Id. at 522 (internal quotation marks omitted). Although ConAgra is not binding on this Court, it does raise concerns. However, the Second Circuit has interpreted Comcast to require only that "courts should examine the proposed damages methodology at the certification stage to ensure that it is consistent with the classwide theory of liability and capable of measurement on a class-wide basis.” In re U.S. Foodservice Inc. Pricing Litig., 729 F.3d 108, 123 n. 8 (2d Cir.2013). Thus, the Court declines to hold an expert, at the class certification stage, must describe his proposed methodologies in the level of detail required by ConAgra.

. Defendants further contend Dr.

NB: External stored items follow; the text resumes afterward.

lemma Hall_marriage:
  fixes N :: "'a \<Rightarrow> 'b set"
  assumes "finite U" "\<And>u. u \<in> U \<Longrightarrow> finite (N u)" "hall_condition U N"
  shows "\<exists>f. distinct_representatives U N f"
  using assms
proof (induction "card U" arbitrary: U N rule: less_induct)
  case less
  show ?case
  proof (cases "\<forall>S. S \<subseteq> U \<longrightarrow> S \<noteq> {} \<longrightarrow> S \<noteq> U \<longrightarrow> card S < card (\<Union>(N ` S))")
    case True
    show ?thesis
    proof (cases "U = {}")
      case True
      then have "distinct_representatives U N undefined" unfolding distinct_representatives_def by simp
      then show ?thesis by blast
    next
      case False
      then obtain u0 where u0: "u0 \<in> U" by blast
      have "card {u0} \<le> card (\<Union>(N ` {u0}))"
        using less.prems(3) u0 unfolding hall_condition_def by blast
      then obtain v0 where v0: "v0 \<in> N u0" by fastforce
      have "card (U - {u0}) < card U" using less.prems(1) u0 by (intro psubset_card_mono) auto
      then have "\<exists>f. distinct_representatives (U - {u0}) (\<lambda>u. N u - {v0}) f"
      proof (rule less.hyps)
        show "finite (U - {u0})" "\<And>u. u \<in> U - {u0} \<Longrightarrow> finite (N u - {v0})"
          using less.prems(1,2) by auto
        show "hall_condition (U - {u0}) (\<lambda>u. N u - {v0})"
          by (rule hall_condition_delete) (use True u0 in auto)
      qed
      then obtain f where "distinct_representatives (U - {u0}) (\<lambda>u. N u - {v0}) f" by blast
      then have "distinct_representatives U N (f(u0 := v0))"
        by (rule distinct_representatives_insert[where N = N, OF _ u0 v0])
      then show ?thesis by blast
    qed
  next
    case False
    then obtain S0 where S0: "S0 \<subseteq> U" "S0 \<noteq> {}" "S0 \<noteq> U" "card (\<Union>(N ` S0)) \<le> card S0"
      by (auto simp: not_less)
    have "card S0 < card U" using S0 less.prems(1) by (simp add: psubset_card_mono psubsetI)
    then have "\<exists>f1. distinct_representatives S0 N f1"
    proof (rule less.hyps)
      show "finite S0" using S0(1) less.prems(1) by (rule finite_subset)
      show "\<And>u. u \<in> S0 \<Longrightarrow> finite (N u)" using S0(1) less.prems(2) by auto
      show "hall_condition S0 N" using S0(1) less.prems(3) unfolding hall_condition_def by auto
    qed
    then obtain f1 where f1: "distinct_representatives S0 N f1" by blast
    have "card (U - S0) < card U" using S0 less.prems(1) by (intro psubset_card_mono) auto
    then have "\<exists>f2. distinct_representatives (U - S0) (\<lambda>u. N u - \<Union>(N ` S0)) f2"
    proof (rule less.hyps)
      show "finite (U - S0)" "\<And>u. u \<in> U - S0 \<Longrightarrow> finite (N u - \<Union>(N ` S0))"
        using less.prems(1,2) by auto
      show "hall_condition (U - S0) (\<lambda>u. N u - \<Union>(N ` S0))"
        by (rule hall_condition_contract[OF less.prems S0(1,4)])
    qed
    then obtain f2 where "distinct_representatives (U - S0) (\<lambda>u. N u - \<Union>(N ` S0)) f2" by blast
    then have "distinct_representatives U N (\<lambda>u. if u \<in> S0 then f1 u else f2 u)"
      by (rule distinct_representatives_Un[OF f1 _ S0(1)])
    then show ?thesis by blast
  qed
qed

section \<open>Curvature of an edge in a regular graph without 3- and 5-cycles\<close>

locale C3_C5_free_regular_edge =
  fixes V :: "'a set" and E :: "'a \<Rightarrow> 'a \<Rightarrow> bool" and d :: nat and x y :: 'a
  assumes simple: "simple_graph V E" and connected: "connected_graph V E"
    and regular: "regular V E d" and no_C3: "\<not> has_cycle V E 3" and no_C5: "\<not> has_cycle V E 5"
    and edge: "E x y"
begin

abbreviation Nx :: "'a set" where "Nx \<equiv> nbrs V E x - {y}"
abbreviation Ny :: "'a set" where "Ny \<equiv> nbrs V E y - {x}"

lemma x_in_V: "x \<in> V" and y_in_V: "y \<in> V" and x_ne_y: "x \<noteq> y" and edge_yx: "E y x"
  using edge simple_graphD[OF simple] by metis+

lemma finite_V: "finite V"
  using simple_graphD(1)[OF simple] .

lemma deg_x: "deg V E x = d" and deg_y: "deg V E y = d"
  using regular x_in_V y_in_V unfolding regular_def by auto

lemma y_in_nbrs_x: "y \<in> nbrs V E x" and x_in_nbrs_y: "x \<in> nbrs V E y"
  using edge edge_yx x_in_V y_in_V unfolding nbrs_def by auto

lemma finite_nbrs: "finite (nbrs V E z)"
  using finite_V unfolding nbrs_def by auto

lemma finite_Nx: "finite Nx" and finite_Ny: "finite Ny"
  using finite_nbrs by auto

lemma card_Nx: "card Nx = d - 1" and card_Ny: "card Ny = d - 1"
  using deg_x deg_y y_in_nbrs_x x_in_nbrs_y finite_nbrs unfolding deg_def by auto

lemma d_pos: "0 < d"
  using deg_x y_in_nbrs_x finite_nbrs unfolding deg_def by (metis card_gt_0_iff empty_iff)

lemma Nx_memD: "u \<in> Nx \<Longrightarrow> u \<in> V \<and> E x u \<and> u \<noteq> x \<and> u \<noteq> y \<and> \<not> E u y"
  using triangle_free[OF simple no_C3, of x u y] edge_yx simple_graphD(5)[OF simple, of x]
  unfolding nbrs_def by auto

lemma Ny_memD: "w \<in> Ny \<Longrightarrow> w \<in> V \<and> E y w \<and> w \<noteq> x \<and> w \<noteq> y \<and> \<not> E x w"
  using triangle_free[OF simple no_C3, of y w x] edge simple_graphD(4,5)[OF simple]
  unfolding nbrs_def by blast

lemma Nx_Ny_disjoint: "Nx \<inter> Ny = {}"
  using Nx_memD Ny_memD simple_graphD(4)[OF simple] by blast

Weir errs in using wholesale figures to calculate damages under both the full compensatory damages and price premium damages models. Defendants argue Scotts only owes damages on units sold to consumers, and not on units that remained on retailers’ shelves. Defendants' point is well-taken; however, "[a] minor flaw in an expert’s reasoning or a slight modification of an otherwise reliable method will not render an expert’s opinion per se inadmissible.” Amorgianos v. Nat'l R.R. Passenger Corp., 303 F.3d 256, 267 (2d Cir.2002). Even if the use of wholesale figures is error, it does not render Dr. Weir's opinions inadmissible.